= Domain name warehousing =

Registrars controlling expired domain names

Domain name warehousing is the practice of registrars obtaining control of expired domain names already under their management, with the intent to hold or "warehouse" names for their own use and/or profit.

Typically this practice occurs after a domain name has expired and the previous registrant has not exercised their right to renew the name within the allotted time frame – usually 45 days following expiration. A domain's expiration date and time can be calculated based on the expiration date in the WHOIS, Auto-Renew Grace Period (0–45 days) and the Redemption Grace Period (RDP) of the registry managing the domain registration (30 days).

==Background==
According to the Generic Names Supporting Organization Council (GNSO) Deletes Task Force Report (2003), a council organized under the Internet Corporation For Assigned Names and Numbers (ICANN), three specific modes of warehousing have been identified:

1. The registrant allows the domain name to lapse, but registrar fails to delete the domain name during the grace period, resulting in a paid renewal to the registry. The registrar subsequently assumes registration of the domain name.
2. The registrant purchases the domain name through fraud and the registrar assumes registration of the name to resell in order to minimize losses.
3. The registrar registers the domain in its own name outright.

==Controversy==
The Registrars Accreditation Agreement (RAA) currently does not disallow this practice. However, the ICANN community has open calls for policy changes to limit warehousing, as it is perceived as unfair to potential registrants.
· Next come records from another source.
lemma phi_kernel_sector_bound:
  assumes \<kappa>: "0 < \<kappa>"
  obtains K where "0 < K"
    "\<And>z. \<kappa> * norm z \<le> Re z \<Longrightarrow> norm (phi_kernel p z) \<le> K * norm z * exp (- (\<kappa> / 2) * norm z)"
proof -
  define c where "c = (1 - p) / p"
  have c: "1 \<le> c"
    using p_pos p_le_q by (simp add: c_def)
  have "0 < \<kappa> / (2 * c)"
    using \<kappa> c by simp
  then obtain C where C: "0 < C"
    "\<And>z. 0 \<le> Re z \<Longrightarrow> norm (f1 p z) \<le> C * norm z * exp (\<kappa> / (2 * c) * norm z)"
    using f1_growth by blast
  show ?thesis
  proof (rule that[of "C * (1 + c)"])
    show "0 < C * (1 + c)"
      using C c by simp
    fix z assume z: "\<kappa> * norm z \<le> Re z"
    define r where "r = norm z"
    have Re_z: "0 \<le> Re z"
      using z \<kappa> by (smt (verit) mult_nonneg_nonneg norm_ge_zero)
    have "norm (f1 p (of_real c * z)) \<le> C * (c * r) * exp (\<kappa> / 2 * r)"
      using C(2)[of "of_real c * z"] Re_z c by (simp add: norm_mult r_def)
    moreover have "norm (f1 p z) \<le> C * r * exp (\<kappa> / 2 * r)"
    proof -
      have "\<kappa> / (2 * c) * r \<le> \<kappa> / 2 * r"
        using \<kappa> c by (intro mult_right_mono) (auto simp: r_def field_simps)
      then show ?thesis
        using C(2)[OF Re_z] C(1) by (simp add: r_def order_trans[OF _ mult_left_mono])
    qed
    moreover have "norm (exp (- z)) \<le> exp (- (\<kappa> * r))"
      using z by (simp add: r_def)
    ultimately have "norm (phi_kernel p z) \<le> exp (- (\<kappa> * r)) * (C * (c * r) * exp (\<kappa> / 2 * r) + C * r * exp (\<kappa> / 2 * r))"
      unfolding phi_kernel_def c_def[symmetric] norm_mult
      by (intro mult_mono order.trans[OF norm_triangle_ineq4] add_mono) auto
    also have "\<dots> = C * (1 + c) * r * (exp (- (\<kappa> * r)) * exp (\<kappa> / 2 * r))"
      by (simp add: algebra_simps)
    also have "exp (- (\<kappa> * r)) * exp (\<kappa> / 2 * r) = exp (- (\<kappa> / 2) * r)"
      by (simp flip: exp_add)
    finally show "norm (phi_kernel p z) \<le> C * (1 + c) * norm z * exp (- (\<kappa> / 2) * norm z)"
      by (simp add: r_def)
  qed
qed

text \<open>For the rotation the factor e^{-Im s arg z} of |z^{s-1}| is bounded crudely by
  e^{|Im s| \<pi>}; on the rotated ray it is exactly e^{-Im s arg w}, which yields the decay in Im s.\<close>

lemma norm_phi_star_le:
  assumes s: "-1 < Re s" and \<kappa>: "0 < \<kappa>"
    and K: "\<And>z. \<kappa> * norm z \<le> Re z \<Longrightarrow> norm (phi_kernel p z) \<le> K * norm z * exp (- (\<kappa> / 2) * norm z)"
    and w: "norm w = 1" "\<kappa> \<le> Re w"
  shows "norm (phi_star p s)
    \<le> K * exp (- Im s * Arg w) * integral {0<..} (\<lambda>x. x powr Re s * exp (- (\<kappa> / 2) * x))"
proof -
  define h where "h z = z powr (s - 1) * phi_kernel p z" for z
  have "0 \<le> K * exp (- (\<kappa> / 2))"
    using order_trans[OF norm_ge_zero K[of w]] w by simp
  then have "0 \<le> K"
    by (simp add: zero_le_mult_iff)
  interpret sector_decay h \<kappa> "K * exp (\<bar>Im s\<bar> * pi)" "Re s" "\<kappa> / 2"
    unfolding h_def[abs_def] by (rule sector_decay_phi_integrand[OF s \<kappa> \<open>0 \<le> K\<close> K])
  have "phi_star p s = integral {0<..} (\<lambda>x. h (of_real x))"
    by (simp add: phi_star_eq_integral h_def)
  also have "\<dots> = integral {0<..} (\<lambda>x. h (of_real x * w) * w)"
    by (rule integral_rotate_ray[OF w])
  finally have phi_star_eq: "phi_star p s = integral {0<..} (\<lambda>x. h (of_real x * w) * w)" .
  have "norm (integral {0<..} (\<lambda>x. h (of_real x * w) * w))
      \<le> integral {0<..} (\<lambda>x. K * exp (- Im s * Arg w) * (x powr Re s * exp (- (\<kappa> / 2) * x)))"
  proof (intro integral_norm_bound_integral ballI)
    show "(\<lambda>x. h (of_real x * w) * w) integrable_on {0<..}"
      using ray_absolutely_integrable[OF w] absolutely_integrable_on_def by blast
    show "(\<lambda>x. K * exp (- Im s * Arg w) * (x powr Re s * exp (- (\<kappa> / 2) * x))) integrable_on {0<..}"
      using integrable_cmul[OF integrable_powr_exp_Ioi[of "Re s" "\<kappa> / 2"], of "K * exp (- Im s * Arg w)"] \<kappa> s
      by simp
    fix x :: real assume x: "x \<in> {0<..}"
    have "of_real x * w \<noteq> 0" "\<kappa> * norm (of_real x * w) \<le> Re (of_real x * w)"
      using w x by (auto simp: norm_mult)
    from norm_powr_phi_kernel_le[OF K this(2,1)]
    show "norm (h (of_real x * w) * w) \<le> K * exp (- Im s * Arg w) * (x powr Re s * exp (- (\<kappa> / 2) * x))"
      using w x by (simp add: h_def norm_mult mult_ac)
  qed
  then show ?thesis
    by (simp add: phi_star_eq)
qed

lemma phi_star_bigo_exp:
  assumes \<sigma>: "-1 < \<sigma>" and \<theta>: "0 \<le> \<theta>" "\<theta> < pi / 2"
  shows "(\<lambda>t. norm (phi_star p (Complex \<sigma> t))) \<in> O[at_infinity](\<lambda>t. exp (- \<theta> * \<bar>t\<bar>))"
proof -
  have \<kappa>: "0 < cos \<theta>"
    using \<theta> by (intro cos_gt_zero_pi) auto
  obtain K where K: "0 < K"
    "\<And>z. cos \<theta> * norm z \<le> Re z \<Longrightarrow> norm (phi_kernel p z) \<le> K * norm z * exp (- (cos \<theta> / 2) * norm z)"
    using phi_kernel_sector_bound[OF \<kappa>] by blast
  define I where "I = integral {0<..} (\<lambda>x. x powr \<sigma> * exp (- (cos \<theta> / 2) * x))"
  show ?thesis
  proof (intro bigoI[of _ "K * I"] always_eventually allI)
    fix t :: real
    define \<phi> where "\<phi> = (if 0 \<le> t then \<theta> else - \<theta>)"
    have "Arg (cis \<phi>) = \<phi>"
      using \<theta> pi_gt_zero by (intro Arg_cis) (auto simp: \<phi>_def)
    moreover have "Re (cis \<phi>) = cos \<theta>" "- t * \<phi> = - \<theta> * \<bar>t\<bar>"
      by (auto simp: \<phi>_def)
    ultimately have "norm (phi_star p (Complex \<sigma> t)) \<le> K * I * exp (- \<theta> * \<bar>t\<bar>)"
      using norm_phi_star_le[of "Complex \<sigma> t" "cos \<theta>" K "cis \<phi>"] \<sigma> \<kappa> K
      by (simp add: I_def mult_ac)
    then show "norm (norm (phi_star p (Complex \<sigma> t))) \<le> K * I * norm (exp (- \<theta> * \<bar>t\<bar>))"
      by simp
  qed
qed

end

theorem mainTheorem4:
  fixes p :: real
  assumes "0 < p" and "p \<le> 1 - p"
  shows "\<forall>\<sigma>::real. \<sigma> > -1 \<longrightarrow> (\<forall>\<epsilon>::real. \<epsilon> > 0 \<longrightarrow>
    (\<lambda>t::real. norm (phi_star p (Complex \<sigma> t)))
      \<in> O[at_infinity](\<lambda>t. exp (- (pi / 2 - \<epsilon>) * \<bar>t\<bar>)))"
proof (intro allI impI)
  fix \<sigma> \<epsilon> :: real
  assume \<sigma>: "\<sigma> > -1" and \<epsilon>: "\<epsilon> > 0"
  define \<theta> where "\<theta> = pi / 2 - min \<epsilon> (pi / 4)"
  have \<theta>: "0 \<le> \<theta>" "\<theta> < pi / 2" "pi / 2 - \<epsilon> \<le> \<theta>"
    using \<epsilon> pi_gt_zero by (auto simp: \<theta>_def min_def)
  have "(\<lambda>t. norm (phi_star p (Complex \<sigma> t))) \<in> O[at_infinity](\<lambda>t. exp (- \<theta> * \<bar>t\<bar>))"
    by (rule phi_star_bigo_exp[OF assms \<sigma> \<theta>(1,2)])
  also have "(\<lambda>t. exp (- \<theta> * \<bar>t\<bar>)) \<in> O[at_infinity](\<lambda>t. exp (- (pi / 2 - \<epsilon>) * \<bar>t\<bar>))"
  proof (intro bigoI[of _ 1] always_eventually allI)
    fix t :: real
    have "- \<theta> * \<bar>t\<bar> \<le> - (pi / 2 - \<epsilon>) * \<bar>t\<bar>"
      using \<theta> by (intro mult_right_mono) auto
    then show "norm (exp (- \<theta> * \<bar>t\<bar>)) \<le> 1 * norm (exp (- (pi / 2 - \<epsilon>) * \<bar>t\<bar>))"
      by simp
  qed
  finally show "(\<lambda>t. norm (phi_star p (Complex \<sigma> t))) \<in> O[at_infinity](\<lambda>t. exp (- (pi / 2 - \<epsilon>) * \<bar>t\<bar>))" .
qed

end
A concern with the practice of domain warehousing is that retail registrars, which have focused on serving individual and small business registrants, are actively collecting lapsed domain names and offering drop catch services that conflict with the concept of fair access to domain names. Another concern is that companies pooling scores of drop registrars for additional registry connections will stand at the expiring domain spigot conducting domain tasting without paying and warehouse those that meet traffic criteria while denying the broader community a fair opportunity to compete for those expiring names.

From 2005 to 2008, GoDaddy had a subsidiary, Standard Tactics, which held domains previously owned by GoDaddy. Shortly after this was reported on, GoDaddy closed down Standard Tactics. However, today, GoDaddy openly practices domain warehousing. Instead of letting domains which GoDaddy considers "Premium domains" expire, GoDaddy takes control of and lists as "Premium Domains" those domains, after the registrant – GoDaddy's customer – allows them to lapse, even before the end of the redemption period. These domains are often listed at GoDaddy auctions for thousands of dollars, as "Premium domains". GoDaddy sells these domains at auction while the original registrant is still entitled to redemption of the domain, with the stipulation that if the original registrant uses their right to redeem the domain and renews it within the redemption period, GoDaddy simply refunds the money paid by the winning bidder.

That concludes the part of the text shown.